简体   繁体   English

用re解析python文件

[英]parsing python file with re

I have a python file as 我有一个python文件

test.py 

import os
class test():

    def __init__(self):
        pass

    def add(num1, num2):
        return num1+num2

I am reading this file in a string as : 我正在读取以下字符串形式的文件:

with open('test.py', 'r') as myfile:
    data=myfile.read()

print data

Now, my data contains the string with all lines and new lines. 现在,我的数据包含所有行和换行的字符串。 I need to find lines with start of class and def. 我需要找到以课程开始和定义开始的行。

for example: 例如:

I need the output to be printed as : 我需要将输出打印为:

class test():
def __init__(self):
def add(num1, num2):

How can I process this using regular expressions? 如何使用正则表达式处理此问题?
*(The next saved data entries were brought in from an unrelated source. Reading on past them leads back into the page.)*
lemma exists_subset_of_largest:
  fixes b :: "'c \<Rightarrow> 'b::linorder"
  assumes "finite C" "t \<le> card C"
  shows "\<exists>S. S \<subseteq> C \<and> card S = t \<and> (\<forall>j\<in>S. \<forall>j'\<in>C - S. b j' \<le> b j)"
  using assms(2)
proof (induction t)
  case 0
  then show ?case by auto
next
  case (Suc t)
  then obtain S where S: "S \<subseteq> C" "card S = t" "\<forall>j\<in>S. \<forall>j'\<in>C - S. b j' \<le> b j"
    by auto
  have "finite S"
    using S(1) assms(1) finite_subset by blast
  have "C - S \<noteq> {}"
    using Suc.prems S card_mono[OF \<open>finite S\<close>] by (metis Diff_eq_empty_iff not_less_eq_eq)
  then obtain x where x: "x \<in> C - S" "b x = Max (b ` (C - S))"
    using Max_in[of "b ` (C - S)"] assms(1) by (metis empty_is_image finite_Diff finite_imageI imageE)
  then have "\<forall>y\<in>C - S. b y \<le> b x"
    using assms(1) by simp
  then show ?case
    using S x \<open>finite S\<close> by (intro exI[of _ "insert x S"]) auto
qed

lemma subset_of_largest_positive:
  fixes b :: "'c \<Rightarrow> nat"
  assumes finC: "finite C" and S: "S \<subseteq> C" "\<forall>j\<in>S. \<forall>j'\<in>C - S. b j' \<le> b j"
    and card_le: "card S \<le> (\<Sum>j\<in>C. min (b j) 1)"
  shows "\<forall>j\<in>S. 0 < b j"
proof (rule ccontr)
  assume "\<not> (\<forall>j\<in>S. 0 < b j)"
  then obtain j0 where j0: "j0 \<in> S" "b j0 = 0"
    by auto
  then have outside_zero: "\<forall>j\<in>C - S. b j = 0"
    using S(2) by fastforce
  have finS: "finite S"
    using S(1) finC finite_subset by blast
  have "(\<Sum>j\<in>C. min (b j) 1) = (\<Sum>j\<in>S. min (b j) 1)"
    using finC S(1) outside_zero by (intro sum.mono_neutral_right) auto
  also have "\<dots> = (\<Sum>j\<in>S - {j0}. min (b j) 1)"
    using j0 finS by (simp add: sum.remove)
  also have "\<dots> \<le> card (S - {j0})"
    using sum_mono[of "S - {j0}" "\<lambda>j. min (b j) 1" "\<lambda>_. 1"] by simp
  also have "\<dots> < card S"
    by (rule card_Diff1_less[OF finS j0(1)])
  finally show False
    using card_le by simp
qed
So if you need to find all def and class lines it is much easier to avoid regex. 因此,如果您需要查找所有defclass行,则避免正则表达式要容易得多。

You read the whole content of the file here 您在这里阅读了文件的全部内容

with open('test.py', 'r') as myfile:
    data=myfile.read()

print data

Why don't you just find the answer right there? 您为什么不在那里找到答案呢?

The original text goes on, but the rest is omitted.